1. Methylenetetrahydrofolate Reductase (MTHFR)

Methylenetetrahydrofolate reductase (MTHFR) is an enzyme encoded by the MTHFR gene composed of 12 exons and located on chromosome 1p36.22. Its total length is 20,374 bp [1]. Characteristic elements, such as SP1, AP1, AP2, CAAT, or GC, are involved in the regulation of the expression of this gene, but there are no TATA-box elements. The structure of this promoter region is shared by other genes involved in homocysteine (Hcy) metabolism, including cystathionine β-synthase (CBS), methionine synthase (MS), and methionine synthase reductase coding genes [2].
During MTHFR transcription, alternative splicing occurs, resulting in three different mRNA molecules of 7074, 7018, and 7071 bp, which encode polypeptides of 697, 656, and 696 amino acids, respectively [1]. On this basis, three variants of the human MTHFR transcript have been distinguished: MTHFR 1, 2, and 3, which differ at the end of 5′ [3]. As mentioned above, the presence of the transcript’s different sizes was due to alternative transcription start sites and the use of polyadenylation signal sequences [4]. Western blot analysis discovered a major polypeptide of approximately 77 kDa in human tissues, while a protein isoform of approximately 70 kDa was detected only in human liver tissue [5][6][5,6].
MTHFR is an FAD-dependent enzyme that plays a significant role in the metabolism of folate and Hcy, both of which are based on folic acid and other vitamins in the B group. This enzyme catalyses the NADPH-linked reduction of 5,10-methylenetetrahydrofolate (5,10-methylene-THF) to 5-methyltetrahydrofolate (5-methyl-THF). The last molecule is a methyl group donor for the conversion of Hcy to methionine (Met) in the reaction catalysed by methionine synthase (MS) (Figure 1). Vitamin B12 acts as a cofactor during this process.
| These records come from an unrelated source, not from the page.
(* Let $m\ge2$ and let $\mathfrak{h}_m$ be the Lie subalgebra of $\Lambda(\mathbb{Q}\mathrm{Tree}_2^-)$ generated by $\bigcup_{j=2}^m\mathrm{Tree}_2((j))$. Then the subspace $\mathbb{Q}\mathrm{Tree}_2^-((0))\oplus\mathbb{Q}\mathrm{Tree}_2^-((1))\oplus\mathfrak{h}_m$ is a Lie subalgebra of $\Lambda(\mathbb{Q}\mathrm{Tree}_2^-)$.
   Context: $\mathrm{Tree}_2((m))$, $m\ge1$, is the set of planar binary rooted trees with one root and $m$ leaves labeled $1,\dots,m$ from left to right, equivalently full parenthesizations of $12\cdots m$; $\mathrm{Tree}_2((1))=\{1\}$, $\mathrm{Tree}_2((2))=\{(12)\}$. Composition $S\circ_iT$ grafts the root of $T$ onto the $i$-th leaf of $S$. For $c\in\mathrm{Tree}_2((m))$, $m\ge2$, $\partial_ic\in\mathrm{Tree}_2((m-1))$ is obtained by erasing the $i$-th leaf (suppressing the resulting one-input vertex). The operad $\mathrm{Tree}_2^-$ has $\mathrm{Tree}_2^-((0))=\{\circ\}$, $\mathrm{Tree}_2^-((m))=\mathrm{Tree}_2((m))$ for $m\ge1$, grafting compositions, and $c\circ_i\circ=\partial_ic$, $1\circ_1\circ=\circ$. $\Lambda(\mathbb{Q}\mathrm{Tree}_2^-)=\bigoplus_{m\ge0}\mathbb{Q}\mathrm{Tree}_2^-((m))$ with Lie bracket $[c,d]=\sum_{t=1}^{j}d\circ_tc-\sum_{s=1}^{k}c\circ_sd$ for $c$ of arity $k$, $d$ of arity $j$. *)

theory Defs
  imports Complex_Main "HOL-Library.Function_Algebras"
begin

text \<open>Planar binary rooted trees with leaves labelled 1..m from left to right.\<close>
datatype tree = Lf | Nd tree tree

fun leaves :: "tree \<Rightarrow> nat" where
  "leaves Lf = 1"
| "leaves (Nd l r) = leaves l + leaves r"

text \<open>Grafting the root of T onto the i-th leaf (1-indexed) of S.\<close>
fun graft :: "tree \<Rightarrow> nat \<Rightarrow> tree \<Rightarrow> tree" where
  "graft Lf i T = (if i = 1 then T else Lf)"
| "graft (Nd l r) i T =
     (if i \<le> leaves l then Nd (graft l i T) r else Nd l (graft r (i - leaves l) T))"

text \<open>Erasing the i-th leaf, suppressing the resulting one-input vertex.\<close>
fun erase :: "tree \<Rightarrow> nat \<Rightarrow> tree" where
  "erase Lf i = Lf"
| "erase (Nd l r) i =
     (if i \<le> leaves l then (if l = Lf then r else Nd (erase l i) r)
      else (if r = Lf then l else Nd l (erase r (i - leaves l))))"

text \<open>Elements of the operad Tree_2^-: the arity-0 element Circ, or a tree.\<close>
datatype elem = Circ | Tr tree

fun arity :: "elem \<Rightarrow> nat" where
  "arity Circ = 0"
| "arity (Tr t) = leaves t"

text \<open>Partial composition c \<circ>_i d (meaningful for 1 \<le> i \<le> arity c).\<close>
fun comp :: "elem \<Rightarrow> nat \<Rightarrow> elem \<Rightarrow> elem" where
  "comp (Tr S) i (Tr T) = Tr (graft S i T)"
| "comp (Tr S) i Circ = (if S = Lf then Circ else Tr (erase S i))"
| "comp Circ i d = Circ"
(* Let $q$ be a prime power and let $C$ be an $[n,k,d]_q$ Griesmer optimal linear code with $k\ge 3$. Then: (1) if $\Gamma_q(n,k,d)<k$, then $q\mid d$; (2) if $q\nmid d$, then $C$ is a Griesmer code, i.e. $n=g_q(k,d)$.
   Context: An $[n,k,d]_q$ linear code is a $k$-dimensional subspace of $\mathbb{F}_q^n$ with minimum nonzero Hamming weight $d$. Let $g_q(k,d)=\sum_{i=0}^{k-1}\lceil d/q^i\rceil$ (the Griesmer bound says $n\ge g_q(k,d)$ for every $[n,k,d]_q$ code). $C$ is a Griesmer code if $n=g_q(k,d)$, and Griesmer optimal if $n<g_q(k,d+1)$ (so the Griesmer bound rules out an $[n,k,d+1]_q$ code). For a Griesmer optimal $[n,k,d]_q$ code, $\Gamma_q(n,k,d)=k$ if $n=g_q(k,d)$; otherwise $\Gamma_q(n,k,d)$ is the smallest non-negative integer $k_1$ such that $n-g_q(k_1,d)\ge g_q\!\left(k-k_1,\lceil d/q^{k_1}\rceil+1\right)$ (with $g_q(0,\cdot)=0$). *)

theory Defs
  imports "HOL-Analysis.Analysis"
begin

definition ceil_div :: "nat \<Rightarrow> nat \<Rightarrow> nat" where
  "ceil_div a b = (a + b - 1) div b"

definition griesmer :: "nat \<Rightarrow> nat \<Rightarrow> nat \<Rightarrow> nat" where
  "griesmer q k d = (\<Sum>i<k. ceil_div d (q ^ i))"

definition hamming_wt :: "('a::zero) ^ 'n \<Rightarrow> nat" where
  "hamming_wt v = card {i. v $ i \<noteq> 0}"

definition min_wt :: "(('a::zero) ^ 'n) set \<Rightarrow> nat" where
  "min_wt C = Min {hamming_wt v | v. v \<in> C \<and> v \<noteq> 0}"

definition linear_code :: "(('a::{finite,field}) ^ 'n) set \<Rightarrow> nat \<Rightarrow> nat \<Rightarrow> bool" where
  "linear_code C k d \<longleftrightarrow> vec.subspace C \<and> vec.dim C = k \<and> min_wt C = d"

definition griesmer_optimal :: "nat \<Rightarrow> nat \<Rightarrow> nat \<Rightarrow> nat \<Rightarrow> bool" where
  "griesmer_optimal q n k d \<longleftrightarrow> n < griesmer q k (d + 1)"

definition Gamma :: "nat \<Rightarrow> nat \<Rightarrow> nat \<Rightarrow> nat \<Rightarrow> nat" where
  "Gamma q n k d =
     (if n = griesmer q k d then k
      else (LEAST k1. int n - int (griesmer q k1 d)
                        \<ge> int (griesmer q (k - k1) (ceil_div d (q ^ k1) + 1))))"

end

theory Submission
  imports Defs
begin

text \<open>
  Everything rests on the Griesmer bound \<open>n \<ge> g\<^sub>q(k,d)\<close>. If \<open>q\<close> does not divide \<open>d\<close>,
  neither does \<open>q\<^sup>i\<close> for \<open>i \<ge> 1\<close>, so only the \<open>i = 0\<close> summand of \<open>g\<^sub>q(k,d)\<close> changes when
  \<open>d\<close> increases by one: \<open>g\<^sub>q(k,d+1) = g\<^sub>q(k,d) + 1\<close>, and Griesmer optimality squeezes \<open>n\<close>
  down to \<open>g\<^sub>q(k,d)\<close>. Since \<open>\<Gamma>\<^sub>q(n,k,d) = k\<close> for Griesmer codes, the first claim is the
  contrapositive of the second.

  The Griesmer bound is proved by the residual code argument, relative to an arbitrary
  set \<open>S\<close> of coordinates: take a codeword \<open>c\<close> of minimum weight \<open>w \<ge> d\<close> on \<open>S\<close> and a
  hyperplane \<open>H\<close> of the code avoiding \<open>c\<close>. For \<open>0 \<noteq> v \<in> H\<close>, counting zeros of
  \<open>v + a c\<close> over all scalars \<open>a\<close> shows that some \<open>v + a c\<close> vanishes on at least \<open>w/q\<close>
  coordinates of the support of \<open>c\<close>; minimality of \<open>w\<close> then forces \<open>v\<close> to have weight
  at least \<open>\<lceil>d/q\<rceil>\<close> outside that support, and induction on the dimension applies.
\<close>

lemma ceil_div_le_iff:
  assumes "b > 0"
  shows "ceil_div a b \<le> t \<longleftrightarrow> a \<le> b * t"
proof -
  have "ceil_div a b \<le> t \<longleftrightarrow> (a + b - 1) div b < Suc t"
    unfolding ceil_div_def by (rule less_Suc_eq_le[symmetric])
  also have "\<dots> \<longleftrightarrow> a + b - 1 < Suc t * b"
    using assms by (simp add: div_less_iff_less_mult)
  also have "\<dots> \<longleftrightarrow> a \<le> b * t"
    using assms by (auto simp: algebra_simps)
  finally show ?thesis .
qed

lemma nat_eq_iff_same_upper_bounds:
  "(x::nat) = y \<longleftrightarrow> (\<forall>t. x \<le> t \<longleftrightarrow> y \<le> t)"
  by (auto intro: antisym)

lemma ceil_div_ceil_div:
  assumes "b > 0" "c > 0"
  shows "ceil_div (ceil_div a b) c = ceil_div a (b * c)"
  using assms by (simp add: nat_eq_iff_same_upper_bounds ceil_div_le_iff mult.assoc)

lemma ceil_div_Suc:
  assumes "b > 0" "\<not> b dvd a"
  shows "ceil_div (Suc a) b = ceil_div a b"
proof -
  have "Suc a \<le> b * t \<longleftrightarrow> a \<le> b * t" for t
    using assms by (auto simp: Suc_le_eq order.order_iff_strict)
  then show ?thesis using assms(1) by (simp add: nat_eq_iff_same_upper_bounds ceil_div_le_iff)
qed

lemma griesmer_Suc:
  assumes "q > 0"
  shows "griesmer q (Suc k) d = d + griesmer q k (ceil_div d q)"
proof -
  have "griesmer q (Suc k) d = ceil_div d 1 + (\<Sum>i<k. ceil_div d (q ^ Suc i))"
    unfolding griesmer_def by (subst sum.lessThan_Suc_shift) simp
  moreover have "ceil_div d 1 = d" by (simp add: ceil_div_def)
  ultimately show ?thesis
    using assms by (simp add: griesmer_def ceil_div_ceil_div)
qed

lemma griesmer_Suc_distance:
  assumes "q > 0" "\<not> q dvd d" "k > 0"
  shows "griesmer q k (Suc d) = Suc (griesmer q k d)"
proof -
  obtain j where k: "k = Suc j" using assms(3) gr0_implies_Suc by blast
  have "\<not> q ^ Suc i dvd d" for i using assms(2) dvd_mult_left by auto
  then have "griesmer q j (ceil_div (Suc d) q) = griesmer q j (ceil_div d q)"
    using assms(1) unfolding griesmer_def by (simp add: ceil_div_ceil_div ceil_div_Suc flip: power_Suc)
  then show ?thesis using assms(1) by (simp add: k griesmer_Suc)
qed

definition weight_on :: "'n set \<Rightarrow> ('a::zero) ^ 'n \<Rightarrow> nat" where
  "weight_on S v = card {i \<in> S. v $ i \<noteq> 0}"

lemma hamming_wt_eq_weight_on_UNIV: "hamming_wt v = weight_on UNIV v"
  by (simp add: hamming_wt_def weight_on_def)

lemma weight_on_Un:
  "A \<inter> B = {} \<Longrightarrow> weight_on (A \<union> B) v = weight_on A v + weight_on B v"
  unfolding weight_on_def by (subst card_Un_disjoint[symmetric]) (auto intro: arg_cong[where f = card])

lemma sum_card_zeros_on_line:
  fixes v c :: "('a::{finite,field}) ^ 'n"
  assumes "\<And>i. i \<in> P \<Longrightarrow> c $ i \<noteq> 0"
  shows "(\<Sum>a\<in>UNIV. card {i \<in> P. v $ i + a * c $ i = 0}) = card P"
proof -
  have root: "card {a. v $ i + a * c $ i = 0} = 1" if "i \<in> P" for i
  proof -
    have "{a. v $ i + a * c $ i = 0} = {- v $ i / c $ i}"
      using assms[OF that] by (auto simp: field_simps eq_neg_iff_add_eq_0)
    then show ?thesis by simp
  qed
  have "(\<Sum>a\<in>UNIV. card {i \<in> P. v $ i + a * c $ i = 0})
      = card (SIGMA a:UNIV. {i \<in> P. v $ i + a * c $ i = 0})"
    by simp
  also have "\<dots> = card (SIGMA i:P. {a. v $ i + a * c $ i = 0})"
    by (rule bij_betw_same_card[of prod.swap]) (auto simp: bij_betw_def image_iff)
  also have "\<dots> = (\<Sum>i\<in>P. 1)"
    by (simp add: root)
  finally show ?thesis by simp
qed

lemma exists_card_zeros_on_line_ge:
  fixes v c :: "('a::{finite,field}) ^ 'n"
  assumes "\<And>i. i \<in> P \<Longrightarrow> c $ i \<noteq> 0"
  obtains a where "card P \<le> CARD('a) * card {i \<in> P. v $ i + a * c $ i = 0}"
proof (rule ccontr)
  assume "\<not> thesis"
  with that have "CARD('a) * card {i \<in> P. v $ i + a * c $ i = 0} < card P" for a
    by (meson not_le)
  then have "(\<Sum>a\<in>UNIV. CARD('a) * card {i \<in> P. v $ i + a * c $ i = 0}) < (\<Sum>a\<in>(UNIV::'a set). card P)"
    by (intro sum_strict_mono) auto
  then show False
    by (simp add: sum_distrib_left[symmetric] sum_card_zeros_on_line[OF assms])
qed

lemma weight_on_residual_bound:
  fixes v c :: "('a::{finite,field}) ^ 'n"
  assumes min: "\<And>a. weight_on S c \<le> weight_on S (v + a *s c)"
  shows "weight_on S c \<le> CARD('a) * weight_on {i \<in> S. c $ i = 0} v"
proof -
  define P where "P = {i \<in> S. c $ i \<noteq> 0}"
  define T where "T = {i \<in> S. c $ i = 0}"
  have S: "S = T \<union> P" and disj: "T \<inter> P = {}" unfolding P_def T_def by auto
  have wc: "weight_on S c = card P" unfolding weight_on_def P_def by simp
  obtain a where a: "card P \<le> CARD('a) * card {i \<in> P. v $ i + a * c $ i = 0}"
    using exists_card_zeros_on_line_ge[of P c v] unfolding P_def by auto
  define Z where "Z = {i \<in> P. v $ i + a * c $ i = 0}"
  have "card Z \<le> card P" unfolding Z_def by (intro card_mono) auto
  have "weight_on P (v + a *s c) = card P - card Z"
  proof -
    have "{i \<in> P. (v + a *s c) $ i \<noteq> 0} = P - Z" unfolding Z_def by auto
    then show ?thesis unfolding weight_on_def by (simp add: card_Diff_subset Z_def)
  qed
  moreover have "weight_on T (v + a *s c) = weight_on T v"
    unfolding weight_on_def T_def by (auto intro: arg_cong[where f = card])
  ultimately have "weight_on S (v + a *s c) = weight_on T v + (card P - card Z)"
    by (simp add: S weight_on_Un[OF disj])
  with min[of a] wc \<open>card Z \<le> card P\<close> have "card Z \<le> weight_on T v" by simp
  with a show ?thesis unfolding wc T_def Z_def by (meson le_trans mult_le_mono2)
qed

lemma (in vector_space) exists_hyperplane_avoiding:
  assumes "subspace V" "dim V = Suc k" "c \<in> V" "c \<noteq> 0"
  obtains H where "subspace H" "H \<subseteq> V" "dim H = k" "c \<notin> H"
proof -
  obtain B where B: "{c} \<subseteq> B" "B \<subseteq> V" "independent B" "V \<subseteq> span B"
    using maximal_independent_subset_extend[of "{c}" V] assms(3,4)
    by (auto simp: independent_insert)
  have "card B = Suc k" using dim_unique[OF B(2,4,3) refl] assms(2) by simp
  then have "finite B" by (simp add: card_ge_0_finite)
  have indep: "independent (B - {c})" using B(3) independent_mono by blast
  show thesis
  proof
    show "subspace (span (B - {c}))" by (rule subspace_span)
    show "span (B - {c}) \<subseteq> V"
      using B(2) assms(1) by (metis Diff_subset span_minimal subset_trans)
    show "dim (span (B - {c})) = k"
      using dim_span_eq_card_independent[OF indep] \<open>card B = Suc k\<close> \<open>finite B\<close> B(1) by simp
    have "independent (insert c (B - {c}))" using B by (simp add: insert_absorb)
    then show "c \<notin> span (B - {c})" by (metis Diff_iff insertI1 independent_insert)
  qed
qed

lemma griesmer_bound_weight_on:
  fixes V :: "(('a::{finite,field}) ^ 'n) set"
  assumes "vec.subspace V" "vec.dim V = k"
    and "\<And>v. v \<in> V \<Longrightarrow> v \<noteq> 0 \<Longrightarrow> d \<le> weight_on S v"
  shows "griesmer CARD('a) k d \<le> card S"
  using assms
proof (induction k arbitrary: V S d)
  case 0
  then show ?case by (simp add: griesmer_def)
next
  case (Suc k)
  let ?q = "CARD('a)"
  obtain c0 where "c0 \<in> V" "c0 \<noteq> 0"
    using Suc.prems(2) vec.dim_eq_0[of V] by auto
  then obtain c where c: "c \<in> V" "c \<noteq> 0"
    and c_min: "\<And>u. u \<in> V \<Longrightarrow> u \<noteq> 0 \<Longrightarrow> weight_on S c \<le> weight_on S u"
    using ex_has_least_nat[of "\<lambda>u. u \<in> V \<and> u \<noteq> 0" c0 "weight_on S"] by blast
  have d_le: "d \<le> weight_on S c" using Suc.prems(3) c .
  obtain H where H: "vec.subspace H" "H \<subseteq> V" "vec.dim H = k" "c \<notin> H"
    using vec.exists_hyperplane_avoiding[OF Suc.prems(1,2) c] .
  define T where "T = {i \<in> S. c $ i = 0}"
  have "ceil_div d ?q \<le> weight_on T v" if v: "v \<in> H" "v \<noteq> 0" for v
  proof -
    have "v + a *s c \<in> V" for a
      using v(1) H(2) c(1) Suc.prems(1) by (meson subsetD vec.subspace_add vec.subspace_scale)
    moreover have "v + a *s c \<noteq> 0" for a
    proof
      assume "v + a *s c = 0"
      with v(2) have "a \<noteq> 0" by auto
      with \<open>v + a *s c = 0\<close> have "c = (- inverse a) *s v"
        by (simp add: vec_eq_iff field_simps eq_neg_iff_add_eq_0)
      with v(1) H(1,4) show False by (metis vec.subspace_scale)
    qed
    ultimately have "weight_on S c \<le> ?q * weight_on T v"
      unfolding T_def by (intro weight_on_residual_bound c_min)
    with d_le show ?thesis by (simp add: ceil_div_le_iff)
  qed
  then have "griesmer ?q k (ceil_div d ?q) \<le> card T"
    using Suc.IH[OF H(1,3)] by blast
  moreover have "card S = weight_on S c + card T"
  proof -
    have "S = {i \<in> S. c $ i \<noteq> 0} \<union> T" unfolding T_def by auto
    then show ?thesis unfolding weight_on_def T_def
      by (metis (no_types, lifting) card_Un_disjoint disjoint_iff finite mem_Collect_eq)
  qed
  ultimately show ?case using d_le by (simp add: griesmer_Suc)
qed

lemma min_wt_le:
  fixes C :: "(('a::zero) ^ 'n) set"
  assumes "v \<in> C" "v \<noteq> 0"
  shows "min_wt C \<le> hamming_wt v"
proof -
  let ?W = "{hamming_wt u | u. u \<in> C \<and> u \<noteq> 0}"
  have "hamming_wt u \<le> CARD('n)" for u :: "'a ^ 'n"
    unfolding hamming_wt_def by (rule card_mono) auto
  then have "?W \<subseteq> {..CARD('n)}" by blast
  then have "finite ?W" by (rule finite_subset) simp
  moreover have "hamming_wt v \<in> ?W" using assms by blast
  ultimately show ?thesis unfolding min_wt_def by (rule Min_le)
qed

lemma griesmer_bound:
  fixes C :: "(('a::{finite,field}) ^ 'n) set"
  assumes "linear_code C k d"
  shows "griesmer CARD('a) k d \<le> CARD('n)"
proof -
  have C: "vec.subspace C" "vec.dim C = k" "min_wt C = d"
    using assms unfolding linear_code_def by auto
  have "d \<le> weight_on UNIV v" if "v \<in> C" "v \<noteq> 0" for v
    using min_wt_le[OF that] C(3) by (simp add: hamming_wt_eq_weight_on_UNIV)
  from griesmer_bound_weight_on[OF C(1,2) this] show ?thesis by simp
qed

theorem lemma5:
  fixes C :: "(('a::{finite,field}) ^ 'n) set" and k d :: nat
  defines "q \<equiv> CARD('a)" and "n \<equiv> CARD('n)"
  assumes code: "linear_code C k d"
    and opt: "griesmer_optimal q n k d"
    and k3: "k \<ge> 3"
  shows "(Gamma q n k d < k \<longrightarrow> q dvd d) \<and> (\<not> q dvd d \<longrightarrow> n = griesmer q k d)"
proof -
  have "\<not> q dvd d \<Longrightarrow> n = griesmer q k d"
  proof -
    assume "\<not> q dvd d"
    then have "griesmer q k (Suc d) = Suc (griesmer q k d)"
      using griesmer_Suc_distance[of q d k] k3 unfolding q_def by simp
    moreover have "griesmer q k d \<le> n"
      using griesmer_bound[OF code] unfolding q_def n_def .
    ultimately show ?thesis
      using opt unfolding griesmer_optimal_def Suc_eq_plus1 by linarith
  qed
  moreover have "Gamma q n k d = k" if "n = griesmer q k d"
    unfolding Gamma_def by (rule if_P[OF that])
  ultimately show ?thesis by (metis less_irrefl)
qed

end
theorem lemma3p2:
  fixes d n :: nat
    and \<Lambda> :: "nat set set"
    and p' :: "nat \<Rightarrow> nat \<Rightarrow> real"
    and a :: "nat \<Rightarrow> real"
    and F :: "real set"
  assumes "d \<ge> 1"
    and "simplicial_complex {1..n} \<Lambda>"
    and "dim_eq \<Lambda> (int d - 2)"
    and "alg_indep \<rat> ({1..n} \<times> {1..d-1}) (\<lambda>(s, t). p' s t)"
    and "alg_indep (gen_field {p' s t | s t. s \<in> {1..n} \<and> t \<in> {1..d-1}}) {1..n} a"
    and "is_subfield F"
    and "gen_field ({p' s t | s t. s \<in> {1..n} \<and> t \<in> {1..d-1}} \<union> a ` {1..n}) \<subseteq> F"
  shows "let F' = gen_field {p' s t | s t. s \<in> {1..n} \<and> t \<in> {1..d-1}};
             \<Gamma> = cone 0 \<Lambda>;
             p = (\<lambda>s t. if s = 0 then (if t = d then -1 else 0)
                         else (if t = d then a s else (1 + a s) * p' s t))
         in \<forall>i \<le> (d - 1) div 2.
              \<exists>\<psi>. (\<forall>\<omega>\<in>affine_stresses {1..n} \<Lambda> (d - 1) p' F' i.
                       \<psi> \<omega> \<in> affine_stresses {0..n} \<Gamma> d p F i) \<and>
                  (\<forall>\<omega>\<in>affine_stresses {1..n} \<Lambda> (d - 1) p' F' i.
                     \<forall>\<omega>'\<in>affine_stresses {1..n} \<Lambda> (d - 1) p' F' i.
                       \<psi> (\<lambda>m. \<omega> m + \<omega>' m) = (\<lambda>m. \<psi> \<omega> m + \<psi> \<omega>' m)) \<and>
                  (\<forall>c\<in>F'. \<forall>\<omega>\<in>affine_stresses {1..n} \<Lambda> (d - 1) p' F' i.
                       \<psi> (\<lambda>m. c * \<omega> m) = (\<lambda>m. c * \<psi> \<omega> m)) \<and>
                  (\<forall>\<omega>\<in>affine_stresses {1..n} \<Lambda> (d - 1) p' F' i.
                       supp i (\<psi> \<omega>) = skel_card i (cone 0 (supp i \<omega>)))"
proof -
  define P' where "P' = {p' s t | s t. s \<in> {1..n} \<and> t \<in> {1..d-1}}"
  define p where "p = (\<lambda>s t. if s = 0 then (if t = d then -1 else 0)
                         else (if t = d then a s else (1 + a s) * p' s t))"
  have F': "is_subfield (gen_field P')"
    by (rule is_subfield_gen_field)
  have generic_a: "alg_indep (gen_field P') {1..n} a"
    using assms(5) unfolding P'_def .
  have "P' \<union> a ` {1..n} \<subseteq> F"
    using subset_gen_field[of "P' \<union> a ` {1..n}"] assms(7) unfolding P'_def by (rule subset_trans)
  then have "gen_field P' \<subseteq> F" and "\<forall>s\<in>{1..n}. a s \<in> F"
    using gen_field_least[OF assms(6), of P'] by auto
  moreover have "\<forall>s\<in>{1..n}. 1 + a s \<noteq> 0"
    using prod_one_plus_nonzero[OF generic_a F'] by simp
  moreover have "\<forall>s\<in>{1..n}. p s d - p 0 d = 1 + a s"
    and "\<forall>s\<in>{1..n}. \<forall>t\<in>{1..d-1}. p s t - p 0 t = (1 + a s) * p' s t"
    by (auto simp: p_def)
  ultimately have stress: "cone_stress n a \<omega> \<in> affine_stresses {0..n} (cone 0 \<Lambda>) d p F i"
    if "\<omega> \<in> affine_stresses {1..n} \<Lambda> (d - 1) p' (gen_field P') i" for i \<omega>
    using cone_stress_affine_stress[OF assms(2,6)] that by blast
  have supp: "supp i (cone_stress n a \<omega>) = skel_card i (cone 0 (supp i \<omega>))"
    if "i \<le> (d - 1) div 2" "\<omega> \<in> affine_stresses {1..n} \<Lambda> (d - 1) p' (gen_field P') i" for i \<omega>
  proof -
    have "i \<le> d + 1"
      using that(1) by linarith
    then interpret generic_cone_setting n d i \<Lambda> p' a "gen_field P'" \<omega>
      by (intro generic_cone_setting.intro[OF assms(2,4) generic_a F' that(2)])
    show ?thesis
      by (rule supp_cone_stress)
  qed
  show ?thesis
    unfolding Let_def P'_def[symmetric] p_def[symmetric]
    by (intro allI impI exI[of _ "cone_stress n a"] conjI ballI)
      (simp_all add: stress supp cone_stress_add cone_stress_cmult)
qed

end
lemma dl_rate_ge_cube:
  fixes k i :: nat and x :: "nat set \<Rightarrow> nat" and a :: real
  defines "S \<equiv> real (total_peers k x)" and "H \<equiv> real (holders k x i)"
  assumes "k \<ge> 2" "i \<in> {1..k}"
    and "0 \<le> a" "a \<le> real (lacking k x i)" "3 * a^2 \<le> S^2"
  shows "dl_rate k x \<ge> H * a^3 / S^3"
proof -
  define L where "L = {C\<in>profiles k. i \<notin> C}"
  define T where "T = {1..k} - {i}"
  define \<theta> where "\<theta> = 3 * a^2 / S^2"
  have S_pos: "S > 0"
    using total_peers_pos[of k x] by (simp add: S_def)
  have T_in_L: "T \<in> L"
    by (auto simp: L_def T_def profiles_def)
  have lacking_sum: "real (lacking k x i) = real (x T) + (\<Sum>C\<in>L - {T}. real (x C))"
    unfolding lacking_def L_def[symmetric] of_nat_sum using T_in_L
    by (simp add: sum.remove L_def)
  have rest: "(\<Sum>C\<in>L - {T}. real (x C) * dl_prob k x C) \<ge> (\<Sum>C\<in>L - {T}. H / S * \<theta> * real (x C))"
  proof (rule sum_mono)
    fix C
    assume "C \<in> L - {T}"
    then have "H / S * \<theta> \<le> dl_prob k x C"
      using dl_prob_lacking_peer[OF assms(4) _ _ _ assms(5,6) assms(7)[unfolded S_def]]
      by (simp add: L_def T_def \<theta>_def S_def H_def)
    then show "H / S * \<theta> * real (x C) \<le> real (x C) * dl_prob k x C"
      using mult_left_mono[of "H / S * \<theta>" "dl_prob k x C" "real (x C)"] by (simp add: mult_ac)
  qed
  have "H * a^3 / S^3 = H / S * (\<theta> * a - 2 * a^3 / S^2)"
    using S_pos by (simp add: \<theta>_def field_simps power2_eq_square power3_eq_cube)
  also have "\<dots> \<le> H / S * (\<theta> * real (lacking k x i) - 2 * a^3 / S^2)"
    using assms(6) S_pos by (intro mult_left_mono diff_right_mono) (auto simp: \<theta>_def H_def)
  also have "\<dots> = H / S * ((3 * a^2 * real (x T) - 2 * a^3) / S^2)
                   + (\<Sum>C\<in>L - {T}. H / S * \<theta> * real (x C))"
    unfolding lacking_sum \<theta>_def sum_distrib_left[symmetric] using S_pos by (simp add: field_simps)
  also have "\<dots> \<le> real (x T) * dl_prob k x T + (\<Sum>C\<in>L - {T}. real (x C) * dl_prob k x C)"
    using top_profile_contribution[OF assms(3,4,5), of x] rest
    by (intro add_mono) (simp_all add: S_def H_def T_def)
  also have "\<dots> = (\<Sum>C\<in>L. real (x C) * dl_prob k x C)"
    using T_in_L by (simp add: sum.remove L_def)
  also have "\<dots> \<le> dl_rate k x"
    unfolding dl_rate_def by (rule sum_mono2) (auto simp: L_def dl_prob_nonneg)
  finally show ?thesis .
qed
Met is then converted to S-adenosylmethionine (SAM), which is a crucial methyl group donor for various reactions in the body, including the methylation of DNA [7], RNA, histones, phospholipids, choline, sphingomyelin, acetylcholine, and other neurotransmitters [8]. Protein carboxymethylation may be involved in the repair of ageing proteins; also, heat shock proteins are methylated in response to stress [9]. In addition, Hcy can be converted to cysteine through a trans-sulphuration process involving the enzyme CBS and vitamin B6. Under Met deficiency conditions, CBS is not activated and MTHFR is not inhibited by SAM. As a result, Hcy is converted back into Met, while cysteine contributes to glutathione synthesis or is degraded to taurine (Figure 1) [10].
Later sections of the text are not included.